▸ Entries provided

lemma mult_le_mult_approx:
  fixes p a b e :: "'a::linordered_idom"
  assumes "\<bar>a - b\<bar> \<le> e"
  shows "p * a \<le> p * b + \<bar>p\<bar> * e"
proof -
  have "p * (a - b) \<le> \<bar>p\<bar> * \<bar>a - b\<bar>"
    by (metis abs_ge_self abs_mult)
  also have "\<dots> \<le> \<bar>p\<bar> * e"
    using assms by (simp add: mult_left_mono)
  finally show ?thesis by (simp add: algebra_simps)
qed

definition sin_taylor :: "real \<Rightarrow> nat \<Rightarrow> real list" where
  "sin_taylor k n = map (\<lambda>m. sin_coeff m * k ^ m) [0..<n]"

definition cos_taylor :: "real \<Rightarrow> nat \<Rightarrow> real list" where
  "cos_taylor k n = map (\<lambda>m. cos_coeff m * k ^ m) [0..<n]"

lemma poly_sin_taylor: "poly (sin_taylor k n) x = (\<Sum>m<n. sin_coeff m * (k * x) ^ m)"
  by (simp add: sin_taylor_def poly_map_upt power_mult_distrib mult.assoc)

lemma poly_cos_taylor: "poly (cos_taylor k n) x = (\<Sum>m<n. cos_coeff m * (k * x) ^ m)"
  by (simp add: cos_taylor_def poly_map_upt power_mult_distrib mult.assoc)

definition sin_majorant :: "real list \<Rightarrow> real \<Rightarrow> nat \<Rightarrow> real list" where
  "sin_majorant q k n = q *** sin_taylor k n +++ map abs q *** monom (\<bar>k\<bar> ^ n / fact n) n"

definition cos_majorant :: "real list \<Rightarrow> real \<Rightarrow> nat \<Rightarrow> real list" where
  "cos_majorant q k n = q *** cos_taylor k n +++ map abs q *** monom (\<bar>k\<bar> ^ n / fact n) n"

lemma mult_approx_le_majorant:
  fixes x k f :: real
  assumes "0 \<le> x" "\<bar>f - poly t x\<bar> \<le> \<bar>k * x\<bar> ^ n / fact n"
  shows "poly q x * f \<le> poly (q *** t +++ map abs q *** monom (\<bar>k\<bar> ^ n / fact n) n) x"
proof -
  have "poly q x * f \<le> poly q x * poly t x + \<bar>poly q x\<bar> * (\<bar>k * x\<bar> ^ n / fact n)"
    using assms(2) by (rule mult_le_mult_approx)
  also have "\<dots> \<le> poly q x * poly t x + poly (map abs q) x * (\<bar>k * x\<bar> ^ n / fact n)"
    using abs_poly_le[OF assms(1)] by (intro add_left_mono mult_right_mono) auto
  finally show ?thesis
    using assms(1) by (simp add: poly_add poly_mult poly_monom abs_mult power_mult_distrib)
qed

lemma poly_mult_sin_le_sin_majorant:
  "0 \<le> x \<Longrightarrow> poly q x * sin (k * x) \<le> poly (sin_majorant q k n) x"
  unfolding sin_majorant_def using Maclaurin_sin_bound[of "k * x" n]
  by (intro mult_approx_le_majorant) (simp_all add: poly_sin_taylor divide_inverse mult.commute)

lemma poly_mult_cos_le_cos_majorant:
  "0 \<le> x \<Longrightarrow> poly q x * cos (k * x) \<le> poly (cos_majorant q k n) x"
  unfolding cos_majorant_def using Maclaurin_cos_bound[of "k * x" n]
  by (intro mult_approx_le_majorant) (simp_all add: poly_cos_taylor)

lemma a01_product_to_sum:
  "a01 u = (64 * u^3 - 44 * u) * sin (2*u) + 48 * u^2 * cos (2*u) - 2 * u * sin (3*u)
           - 2 * u * sin u + 3 * cos (2*u) - 3 * cos (6*u)"
proof -
  have prod: "cos u * sin (2*u) = (sin (3*u) + sin u) / 2"
    using cos_times_sin[of u "2*u"] by simp
  have "a01 u = 64 * u^3 * sin (2*u) + 48 * u^2 * cos (2*u) - 44 * u * sin (2*u)
      - 4 * u * (cos u * sin (2*u)) + 3 * cos (2*u) - 3 * cos (6*u)"
    unfolding a01_def by (simp add: algebra_simps)
  then show ?thesis
    unfolding prod by (simp add: field_simps)
qed

lemma replicate_numeral: "replicate (numeral n) x = x # replicate (pred_numeral n) x"
  by (simp add: numeral_eq_Suc)

definition a01_majorant :: "real list" where
  "a01_majorant =
     sin_majorant [0, -44, 0, 64] 2 31 +++ cos_majorant [0, 0, 48] 2 30
     +++ sin_majorant [0, -2] 3 31 +++ sin_majorant [0, -2] 1 31
     +++ cos_majorant [3] 2 30 +++ cos_majorant [-3] 6 30"

lemma a01_le_majorant:
  assumes "0 \<le> u"
  shows "a01 u \<le> poly a01_majorant u"
proof -
  have "a01 u = poly [0, -44, 0, 64] u * sin (2*u) + poly [0, 0, 48] u * cos (2*u)
      + poly [0, -2] u * sin (3*u) + poly [0, -2] u * sin (1*u)
      + poly [3] u * cos (2*u) + poly [-3] u * cos (6*u)"
    unfolding a01_product_to_sum by (simp add: algebra_simps power2_eq_square power3_eq_cube)
  also have "\<dots> \<le> poly a01_majorant u"
    unfolding a01_majorant_def poly_add
    using assms by (intro add_mono poly_mult_sin_le_sin_majorant poly_mult_cos_le_cos_majorant)
  finally show ?thesis .
qed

▸ Your task
Search the data above for the word "assumes". Copy each line it is in.

▸ Answer box
  assumes "\<bar>a - b\<bar> \<le> e"
  assumes "0 \<le> x" "\<bar>f - poly t x\<bar> \<le> \<bar>k * x\<bar> ^ n / fact n"
  assumes "0 \<le> u"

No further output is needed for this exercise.